In recent years, Batavia, Ill.-based ALDI Inc. has been significantly expanding its footprint across the United States. Meanwhile, Lidl US, Arlington, Va., is set to open its first U.S. stores by 2018.
While both of these small-format discounters trace their roots to Germany and place heavy emphasis on private brands, retailers need to understand what makes each of them unique if they are to effectively compete against their growing presence in the years to come, Mike Paglia, director of retail insights for Kantar Retail, told attendees of his Aug. 16 presentation at Store Brands' 2016 Innovation & Collaboration Summit, held in Orlando, Fla.
Although it's been a U.S. fixture for decades, ALDI is "truly a retail giant" now, Paglia stressed. Over the past five years, ALDI's sales grew 53 percent, while its store count increased by 27 percent. It is now a $12 billion retailer, and by the start of next decade, will boast more than 2,000 stores and approximately $20 billion in sales. And more than 90 percent of the items ALDI offers are under its private brands.

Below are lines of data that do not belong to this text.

lemma pmf_Pi_bernoulli_comp_transpose:
  fixes p :: "'a \<Rightarrow> real"
  assumes "finite A" "x \<in> A" "y \<in> A" "x \<noteq> y" "\<not> Z x" "Z y"
    and "0 \<le> p x" "p x \<le> 1" "0 \<le> p y" "p y \<le> 1"
  shows "pmf (Pi_pmf A False (\<lambda>c. bernoulli_pmf (p c))) (Z \<circ> Transposition.transpose x y)
           * ((1 - p x) * p y)
       = pmf (Pi_pmf A False (\<lambda>c. bernoulli_pmf (p c))) Z * (p x * (1 - p y))"
proof -
  have outside: "Transposition.transpose x y c = c" if "c \<notin> A" for c
    using that assms(2,3) by (metis transpose_apply_other)
  show ?thesis
  proof (cases "\<exists>c. c \<notin> A \<and> Z c")
    case True
    then have "\<exists>c. c \<notin> A \<and> (Z \<circ> Transposition.transpose x y) c"
      using outside by auto
    with True show ?thesis
      using assms(1) by (simp add: pmf_Pi_outside)
  next
    case False
    define b where "b c v = pmf (bernoulli_pmf (p c)) v" for c v
    have prod_split: "(\<Prod>c\<in>A. f c) = f x * f y * (\<Prod>c\<in>A - {x, y}. f c)"
      for f :: "'a \<Rightarrow> real"
      using assms(1-4)
      by (simp add: prod.remove[of A x] prod.remove[of "A - {x}" y] Diff_insert2 [symmetric] mult.assoc)
    have rest: "(\<Prod>c\<in>A - {x, y}. b c (Z (Transposition.transpose x y c)))
        = (\<Prod>c\<in>A - {x, y}. b c (Z c))"
      by (rule prod.cong) auto
    have "pmf (Pi_pmf A False (\<lambda>c. bernoulli_pmf (p c))) Z
        = (1 - p x) * p y * (\<Prod>c\<in>A - {x, y}. b c (Z c))"
      using False assms by (subst pmf_Pi') (auto simp: prod_split b_def)
    moreover have "pmf (Pi_pmf A False (\<lambda>c. bernoulli_pmf (p c))) (Z \<circ> Transposition.transpose x y)
        = p x * (1 - p y) * (\<Prod>c\<in>A - {x, y}. b c (Z c))"
      using False assms outside by (subst pmf_Pi') (auto simp: prod_split b_def rest[unfolded b_def])
    ultimately show ?thesis
      by (simp only: ac_simps)
  qed
qed

lemma Collect_transpose_eq_image:
  assumes "x \<in> A" and "y \<in> A"
  shows "{c \<in> A. P (Transposition.transpose x y c)} = Transposition.transpose x y ` {c \<in> A. P c}"
  using permutes_in_image[OF permutes_swap_id[OF assms]] by (auto simp: in_transpose_image_iff)

definition transpose_outcome :: "cell \<Rightarrow> cell \<Rightarrow> outcome \<Rightarrow> outcome" where
  "transpose_outcome x y = (\<lambda>(Z, W, F, t).
     (Z \<circ> Transposition.transpose x y, W \<circ> Transposition.transpose x y,
      F \<circ> Transposition.transpose x y, map_option (Transposition.transpose x y) t))"

lemma transpose_outcome_involutory [simp]:
  "transpose_outcome x y (transpose_outcome x y \<omega>) = \<omega>"
  by (cases \<omega>) (simp add: transpose_outcome_def comp_assoc option.map_comp option.map_id)

lemma transpose_outcome_commute: "transpose_outcome x y = transpose_outcome y x"
  by (simp add: transpose_outcome_def transpose_commute)

(* Up to a null set this is the conditioning event intersected with test location x; requiring
   the test cell to be unobserved makes the family invariant under exchanging cells of S. *)
definition cond_event_at ::
    "nat \<Rightarrow> nat \<Rightarrow> cell set \<Rightarrow> cell set \<Rightarrow> cell \<Rightarrow> outcome set" where
  "cond_event_at d1 d2 S T x =
     {\<omega> \<in> cond_event d1 d2 S T. test_loc \<omega> = Some x \<and> x \<in> grid d1 d2 - obs_set d1 d2 \<omega>}"

lemma mem_cond_event_at:
  "(Z, W, F, t) \<in> cond_event_at d1 d2 S T x \<longleftrightarrow>
     t = Some x \<and> x \<in> grid d1 d2 \<and> \<not> Z x \<and>
     insert x {c \<in> grid d1 d2. Z c \<and> \<not> W c \<and> \<not> F c} = S \<and>
     {c \<in> grid d1 d2. Z c \<and> W c} = T"
  by (auto simp: cond_event_at_def cond_event_def test_loc_def obs_set_def tr_set_def
      trimmed_cal_set_def cal_set_def simp del: split_paired_Ex)

lemma transpose_outcome_cond_event_at:
  assumes "\<omega> \<in> cond_event_at d1 d2 S T x" and "y \<in> S"
  shows "transpose_outcome x y \<omega> \<in> cond_event_at d1 d2 S T y"
proof -
  let ?G = "grid d1 d2" and ?\<tau> = "Transposition.transpose x y"
  obtain Z W F where \<omega>: "\<omega> = (Z, W, F, Some x)"
    using assms(1) by (cases \<omega>) (auto simp: mem_cond_event_at)
  have x: "x \<in> ?G" "\<not> Z x" and S: "insert x {c \<in> ?G. Z c \<and> \<not> W c \<and> \<not> F c} = S"
    and T: "{c \<in> ?G. Z c \<and> W c} = T"
    using assms(1) by (simp_all add: \<omega> mem_cond_event_at)
  have y: "y \<in> ?G" "y \<noteq> x \<Longrightarrow> Z y \<and> \<not> W y"
    using assms(2) x(1) S by auto
  have preimage: "{c \<in> ?G. P (?\<tau> c)} = ?\<tau> ` {c \<in> ?G. P c}" for P
    using x(1) y(1) by (rule Collect_transpose_eq_image)
  have "insert y {c \<in> ?G. Z (?\<tau> c) \<and> \<not> W (?\<tau> c) \<and> \<not> F (?\<tau> c)} = ?\<tau> ` S"
    using preimage[of "\<lambda>c. Z c \<and> \<not> W c \<and> \<not> F c"] by (simp add: S[symmetric])
  also have "\<dots> = S"
    using S assms(2) by (intro transpose_image_eq) blast
  finally have S': "insert y {c \<in> ?G. Z (?\<tau> c) \<and> \<not> W (?\<tau> c) \<and> \<not> F (?\<tau> c)} = S" .
  have "{c \<in> ?G. Z (?\<tau> c) \<and> W (?\<tau> c)} = ?\<tau> ` T"
    using preimage[of "\<lambda>c. Z c \<and> W c"] T by simp
  also have "\<dots> = T"
    using T x y by (intro transpose_image_eq) auto
  finally have T': "{c \<in> ?G. Z (?\<tau> c) \<and> W (?\<tau> c)} = T" .
  show ?thesis
    using x y S' T' by (simp add: \<omega> transpose_outcome_def mem_cond_event_at)
qed

lemma bij_betw_transpose_outcome:
  assumes "x \<in> S" and "y \<in> S"
  shows "bij_betw (transpose_outcome x y) (cond_event_at d1 d2 S T x) (cond_event_at d1 d2 S T y)"
  using assms transpose_outcome_cond_event_at[of _ d1 d2 S T y x]
  by (intro bij_betwI[where g = "transpose_outcome x y"])
     (auto simp: transpose_outcome_cond_event_at transpose_outcome_commute[of y x])

lemma pmf_split_model_transpose_outcome:
  assumes "\<omega> \<in> cond_event_at d1 d2 S T x" and "y \<in> S" and "x \<noteq> y"
    and "\<forall>c \<in> grid d1 d2. 0 \<le> p c \<and> p c \<le> 1"
  shows "pmf (split_model d1 d2 p q \<beta>) (transpose_outcome x y \<omega>) * ((1 - p x) * p y)
       = pmf (split_model d1 d2 p q \<beta>) \<omega> * (p x * (1 - p y))"
proof -
  let ?G = "grid d1 d2" and ?\<tau> = "Transposition.transpose x y"
  obtain Z W F where \<omega>: "\<omega> = (Z, W, F, Some x)"
    using assms(1) by (cases \<omega>) (auto simp: mem_cond_event_at)
  have x: "x \<in> ?G" "\<not> Z x" and y: "y \<in> ?G" "Z y"
    using assms(1-3) by (auto simp: \<omega> mem_cond_event_at)
  have \<tau>: "?\<tau> permutes ?G"
    using x(1) y(1) by (rule permutes_swap_id)
  have unobserved: "?G - {c \<in> ?G. Z (?\<tau> c)} = ?\<tau> ` (?G - {c \<in> ?G. Z c})"
    using Collect_transpose_eq_image[OF x(1) y(1), of "Not \<circ> Z"] by (auto simp: set_diff_eq)
  have test: "pmf (test_loc_pmf (?G - {c \<in> ?G. Z (?\<tau> c)})) (Some y)
      = pmf (test_loc_pmf (?G - {c \<in> ?G. Z c})) (Some x)"
    using x by (simp add: unobserved pmf_test_loc_pmf_Some card_image in_transpose_image_iff)
  have "pmf (Pi_pmf ?G False (\<lambda>c. bernoulli_pmf (p c))) (Z \<circ> ?\<tau>) * ((1 - p x) * p y)
      = pmf (Pi_pmf ?G False (\<lambda>c. bernoulli_pmf (p c))) Z * (p x * (1 - p y))"
    using x y assms(3,4) by (intro pmf_Pi_bernoulli_comp_transpose) auto
  then show ?thesis
    by (simp add: \<omega> transpose_outcome_def pmf_split_model test
        pmf_Pi_pmf_comp_permutes[OF finite_grid \<tau>] ac_simps)
qed

lemma prob_cond_event_at_exchange:
  assumes "x \<in> S" and "y \<in> S" and "x \<noteq> y"
    and "\<forall>c \<in> grid d1 d2. 0 \<le> p c \<and> p c \<le> 1"
  shows "measure_pmf.prob (split_model d1 d2 p q \<beta>) (cond_event_at d1 d2 S T y) * ((1 - p x) * p y)
       = measure_pmf.prob (split_model d1 d2 p q \<beta>) (cond_event_at d1 d2 S T x) * (p x * (1 - p y))"
proof -
  let ?M = "split_model d1 d2 p q \<beta>"
  have "measure_pmf.prob ?M (cond_event_at d1 d2 S T y) * ((1 - p x) * p y)
      = infsetsum (\<lambda>\<omega>. pmf ?M \<omega> * ((1 - p x) * p y)) (cond_event_at d1 d2 S T y)"
    unfolding measure_pmf_conv_infsetsum by (rule infsetsum_cmult_left [symmetric]) (rule pmf_abs_summable)
  also have "\<dots> = infsetsum (\<lambda>\<omega>. pmf ?M (transpose_outcome x y \<omega>) * ((1 - p x) * p y))
      (cond_event_at d1 d2 S T x)"
    using infsetsum_reindex_bij_betw[OF bij_betw_transpose_outcome[OF assms(1,2)],
        of "\<lambda>\<omega>. pmf ?M \<omega> * ((1 - p x) * p y)"] by simp
  also have "\<dots> = infsetsum (\<lambda>\<omega>. pmf ?M \<omega> * (p x * (1 - p y))) (cond_event_at d1 d2 S T x)"
    using assms(2-4) by (intro infsetsum_cong pmf_split_model_transpose_outcome) auto
  also have "\<dots> = measure_pmf.prob ?M (cond_event_at d1 d2 S T x) * (p x * (1 - p y))"
    unfolding measure_pmf_conv_infsetsum by (rule infsetsum_cmult_left) (rule pmf_abs_summable)
  finally show ?thesis .
qed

And more growth is in the works. Kantar Retail projects that ALDI will grow at twice the rate of The Kroger Co. and three times the rate of Walmart in the next five years, he said. ALDI is opening stores that are "vibrant and engaging," redefining what a value retailer can be. The retailer also makes "a very clear brand promise," invests in easy-to-understand signage and is even getting into the "better-for-you" arena in a big way.
"It is raising the bar in terms of what a discounter can sell," Paglia said.
Consumers are taking notice. In the years since 2009, ALDI's shopper base has continued to expand, he said. Moreover, approximately 20 percent of ALDI shoppers now report that they spend the most money on food/groceries at ALDI stores.
"That's a rousing endorsement for this format," Paglia noted.
Lidl US, meanwhile, is "the devil that folks don't know," but the one he believes U.S. retailers should be most worried about.
"They're coming in a big way," Paglia said, noting that Lidl's plan calls for opening 500 stores in the United States, beginning in 2018. The first stores, destined for the mid-Atlantic states, are expected to be approximately 36,000 square feet — larger than ALDI's U.S. stores, as well as Lidl's European stores.
Lidl's strategy for quite some time has been to launch with a "splash," undercutting price leaders and using private label (about 80 percent of its assortment) as a competitive tool to create "complete chaos," Paglia explained. When the dust settles, the retailer then is expected tweak its assortment, store layout and messaging to maintain both relevance and momentum.
But retailers need to expect the unexpected, as Lidl is "a moving target" that will continue to reinvent itself after that point, he added. The retailer also excels at adapting to regional differences, wants and needs — and spends a disproportionate amount of money on marketing.
"Everyone's going to feel the pressure" of Lidl's arrival, but not equally, he stressed. The most pressured will be conventional "undifferentiated" grocery retailers, followed by ALDI and then Walmart. Dollar stores and differentiated grocers such as Publix, Wegmans and Kroger should be impacted the least.
To prepare for Lidl's arrival — and ALDI's continued growth — retailers will need to develop a more granular understanding of their shoppers — their needs and behaviors — and align the brand position accordingly. They also will need to "elevate the in-store game" to give shoppers a value that can't be replicated and collaborate with their suppliers to "win together."